Aminu Salisu's eight-year-old son was taken in the same daylight raid on Tegina's Salihu Tanko Islamic school in May, alongside more than 130 students.
Salisu cleared out his own savings and sold everything in his shop to raise his contribution.
The owner of the school sold off half the grounds. Together, with the help of friends, relatives, and strangers, the people of Tegina said they raised 30 million nairas.
But that still wasn't enough for the bandits.
Salisu said his whole aim of agreeing to be one of those to deliver the ransom was to set his eyes on his son again, but that never happened.

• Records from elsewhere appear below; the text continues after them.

lemma mult_mat_vec_index_sum:
  assumes "A \<in> carrier_mat r c" "w \<in> carrier_vec c" "j < r"
  shows "(A *\<^sub>v w) $ j = (\<Sum>k<c. A $$ (j,k) * w $ k)"
  using assms by (auto simp: scalar_prod_def lessThan_atLeast0 intro: sum.cong)

lemma mult_mat_unit_vec_index:
  fixes M :: "real mat"
  assumes "M \<in> carrier_mat r n" "i < n" "k < r"
  shows "(M *\<^sub>v unit_vec n i) $ k = M $$ (k,i)"
  using assms by simp

lemma scalar_prod_self_nonneg: "0 \<le> (v :: real vec) \<bullet> v"
  unfolding scalar_prod_def by (rule sum_nonneg) simp

lemma scalar_prod_self_pos:
  fixes v :: "real vec"
  assumes v: "v \<in> carrier_vec n" and v0: "v \<noteq> 0\<^sub>v n"
  shows "0 < v \<bullet> v"
proof -
  obtain i where i: "i < n" and vi: "v $ i \<noteq> 0"
    using v v0 by (metis dim_vec eq_vecI index_zero_vec carrier_vecD)
  have "0 < (v $ i)^2" using vi by simp
  also have "\<dots> \<le> (\<Sum>j<n. (v $ j)^2)" by (rule member_le_sum) (use i in auto)
  also have "\<dots> = v \<bullet> v" using v by (simp add: scalar_prod_def lessThan_atLeast0 power2_eq_square)
  finally show ?thesis .
qed

lemma quadratic_form_sum:
  fixes M :: "real mat"
  assumes M: "M \<in> carrier_mat n n" and x: "x \<in> carrier_vec n" and y: "y \<in> carrier_vec n"
  shows "x \<bullet> (M *\<^sub>v y) = (\<Sum>k<n. \<Sum>l<n. x $ k * M $$ (k,l) * y $ l)"
  using M x y
  by (auto simp: scalar_prod_def sum_distrib_left mult.assoc lessThan_atLeast0 intro!: sum.cong)

lemma scalar_prod_mult_vec_sym:
  fixes P :: "real mat"
  assumes P: "P \<in> carrier_mat n n" and Ps: "transpose_mat P = P"
    and u: "u \<in> carrier_vec n" and w: "w \<in> carrier_vec n"
  shows "w \<bullet> (P *\<^sub>v u) = u \<bullet> (P *\<^sub>v w)"
proof -
  have "w \<bullet> (P *\<^sub>v u) = (P *\<^sub>v w) \<bullet> u"
    using transpose_vec_mult_scalar[OF P u w] Ps by simp
  also have "\<dots> = u \<bullet> (P *\<^sub>v w)" using P u w by (intro comm_scalar_prod[of _ n]) auto
  finally show ?thesis .
qed

lemma quadratic_form_lincomb:
  fixes P :: "real mat"
  assumes P: "P \<in> carrier_mat n n" and Ps: "transpose_mat P = P"
    and u: "u \<in> carrier_vec n" and w: "w \<in> carrier_vec n"
  shows "(a \<cdot>\<^sub>v u + b \<cdot>\<^sub>v w) \<bullet> (P *\<^sub>v (a \<cdot>\<^sub>v u + b \<cdot>\<^sub>v w)) =
     a^2 * (u \<bullet> (P *\<^sub>v u)) + 2 * a * b * (u \<bullet> (P *\<^sub>v w)) + b^2 * (w \<bullet> (P *\<^sub>v w))"
proof -
  have "(a \<cdot>\<^sub>v u + b \<cdot>\<^sub>v w) \<bullet> (P *\<^sub>v (a \<cdot>\<^sub>v u + b \<cdot>\<^sub>v w)) =
     a * a * (u \<bullet> (P *\<^sub>v u)) + a * b * (u \<bullet> (P *\<^sub>v w)) + b * a * (w \<bullet> (P *\<^sub>v u))
       + b * b * (w \<bullet> (P *\<^sub>v w))"
    using P u w
    by (simp add: mult_add_distrib_mat_vec[of P n n] mult_mat_vec[of P n n]
        scalar_prod_add_distrib[of _ n] add_scalar_prod_distrib[of _ n] algebra_simps)
  then show ?thesis
    using scalar_prod_mult_vec_sym[OF P Ps u w] by (simp add: power2_eq_square algebra_simps)
qed

lemma quadratic_form_gram:
  fixes C :: "real mat"
  assumes C: "C \<in> carrier_mat m n" and x: "x \<in> carrier_vec n"
  shows "x \<bullet> ((transpose_mat C * C) *\<^sub>v x) = (C *\<^sub>v x) \<bullet> (C *\<^sub>v x)"
proof -
  have Cx: "C *\<^sub>v x \<in> carrier_vec m" using C x by simp
  have "x \<bullet> ((transpose_mat C * C) *\<^sub>v x) = (transpose_mat C *\<^sub>v (C *\<^sub>v x)) \<bullet> x"
    using C x by (subst comm_scalar_prod[of _ n]) auto
  also have "\<dots> = (C *\<^sub>v x) \<bullet> (C *\<^sub>v x)" by (rule transpose_vec_mult_scalar[OF C x Cx])
  finally show ?thesis .
qed

lemma sum_mult_square_le:
  fixes a b :: "nat \<Rightarrow> real"
  shows "(\<Sum>i\<in>I. a i * b i)^2 \<le> (\<Sum>i\<in>I. (a i)^2) * (\<Sum>i\<in>I. (b i)^2)"
proof (cases "(\<Sum>i\<in>I. (b i)^2) > 0")
  case False
  show ?thesis
  proof (cases "finite I")
    case fin: True
    have "(\<Sum>i\<in>I. (b i)^2) = 0" using False sum_nonneg[of I "\<lambda>i. (b i)^2"] by simp
    hence "\<forall>i\<in>I. b i = 0" using fin sum_nonneg_eq_0_iff[of I "\<lambda>i. (b i)^2"] by simp
    then show ?thesis by simp
  qed simp
next
  case True
  define s where "s = (\<Sum>i\<in>I. (b i)^2)"
  define r where "r = (\<Sum>i\<in>I. a i * b i) / s"
  have "0 \<le> (\<Sum>i\<in>I. (a i - r * b i)^2)" by (rule sum_nonneg) simp
  also have "\<dots> = (\<Sum>i\<in>I. (a i)^2 - 2 * r * (a i * b i) + r^2 * (b i)^2)"
    by (rule sum.cong) (auto simp: power2_eq_square algebra_simps)
  also have "\<dots> = (\<Sum>i\<in>I. (a i)^2) - 2 * r * (\<Sum>i\<in>I. a i * b i) + r^2 * s"
    unfolding s_def by (simp add: sum.distrib sum_subtractf sum_distrib_left)
  also have "\<dots> = (\<Sum>i\<in>I. (a i)^2) - (\<Sum>i\<in>I. a i * b i)^2 / s"
    by (simp add: r_def power2_eq_square)
  finally show ?thesis using True unfolding s_def by (simp add: pos_divide_le_eq)
qed

lemma mult_mat_vec_square_le_max_entry:
  fixes M :: "real mat"
  assumes M: "M \<in> carrier_mat r c" and entries: "\<And>i j. i < r \<Longrightarrow> j < c \<Longrightarrow> \<bar>M $$ (i,j)\<bar> \<le> eps"
    and v: "v \<in> carrier_vec c"
  shows "(M *\<^sub>v v) \<bullet> (M *\<^sub>v v) \<le> eps^2 * real (r * c) * (v \<bullet> v)"
proof -
  have vv: "v \<bullet> v = (\<Sum>k<c. (v $ k)^2)"
    using v by (simp add: scalar_prod_def lessThan_atLeast0 power2_eq_square)
  have row: "((M *\<^sub>v v) $ i)^2 \<le> real c * eps^2 * (v \<bullet> v)" if i: "i < r" for i
  proof -
    have "((M *\<^sub>v v) $ i)^2 \<le> (\<Sum>k<c. (M $$ (i,k))^2) * (\<Sum>k<c. (v $ k)^2)"
      unfolding mult_mat_vec_index_sum[OF M v i] by (rule sum_mult_square_le)
    also have "\<dots> \<le> (\<Sum>k<c. eps^2) * (v \<bullet> v)"
      unfolding vv[symmetric]
    proof (rule mult_right_mono)
      show "(\<Sum>k<c. (M $$ (i,k))^2) \<le> (\<Sum>k<c. eps^2)"
      proof (rule sum_mono)
        fix k assume "k \<in> {..<c}"
        then have "\<bar>M $$ (i,k)\<bar>^2 \<le> eps^2" using entries[OF i] by (intro power_mono) auto
        then show "(M $$ (i,k))^2 \<le> eps^2" by simp
      qed
    qed (rule scalar_prod_self_nonneg)
    finally show ?thesis by simp
  qed
  have "(M *\<^sub>v v) \<bullet> (M *\<^sub>v v) = (\<Sum>i<r. ((M *\<^sub>v v) $ i)^2)"
    using M by (simp add: scalar_prod_def lessThan_atLeast0 power2_eq_square)
  also have "\<dots> \<le> (\<Sum>i<r. real c * eps^2 * (v \<bullet> v))" by (rule sum_mono) (use row in simp)
  also have "\<dots> = eps^2 * real (r * c) * (v \<bullet> v)" by simp
  finally show ?thesis .
qed

lemma max_norm_entry_le:
  fixes D :: "real mat"
  assumes D: "D \<in> carrier_mat r c" and mn: "max_norm D \<le> eps" and "i < r" "j < c"
  shows "\<bar>D $$ (i,j)\<bar> \<le> eps"
proof -
  let ?S = "{\<bar>D $$ (i,j)\<bar> | i j. i < dim_row D \<and> j < dim_col D}"
  have "?S = (\<lambda>(i,j). \<bar>D $$ (i,j)\<bar>) ` ({..<dim_row D} \<times> {..<dim_col D})" by auto
  hence "finite (insert 0 ?S)" by simp
  moreover have "\<bar>D $$ (i,j)\<bar> \<in> insert 0 ?S" using assms by auto
  ultimately have "\<bar>D $$ (i,j)\<bar> \<le> Max (insert 0 ?S)" by (rule Max_ge)
  then show ?thesis using mn unfolding max_norm_def by simp
qed

lemma append_vec_assoc: "(u @\<^sub>v v) @\<^sub>v w = u @\<^sub>v (v @\<^sub>v w)"
  by (rule eq_vecI) (auto simp: nth_append algebra_simps)

lemma hcat_carrier[simp]:
  "M \<in> carrier_mat r c1 \<Longrightarrow> N \<in> carrier_mat r c2 \<Longrightarrow> hcat M N \<in> carrier_mat r (c1 + c2)"
  unfolding hcat_def by auto

lemma vcat_carrier[simp]:
  "M \<in> carrier_mat r1 c \<Longrightarrow> N \<in> carrier_mat r2 c \<Longrightarrow> vcat M N \<in> carrier_mat (r1 + r2) c"
  unfolding vcat_def by auto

''I was one of the people who took ransom money to the abductors. My intention was just to be able to see my son, even if it meant they killed me. But when we got there the abductors asked me to go back, so that only the other person would follow them to drop the money. My whole intention of going was to see my son face-to-face,'' he said.
The abductions have piled more pressure on President Buhari, who promised to tackle insecurity at his inauguration in 2019.
They have also tested the security services.
The military pitted against the kidnappers in the northwest, Islamist insurgents in the northeast, separatists in the southeast, and piracy in the Delta, is deployed to at least 30 of Nigeria's 36 states.
The government of Niger state, which includes Tegina, declined to comment. Officials working with the governor said they needed to keep their efforts secret.
Meanwhile, the challenges keep mounting.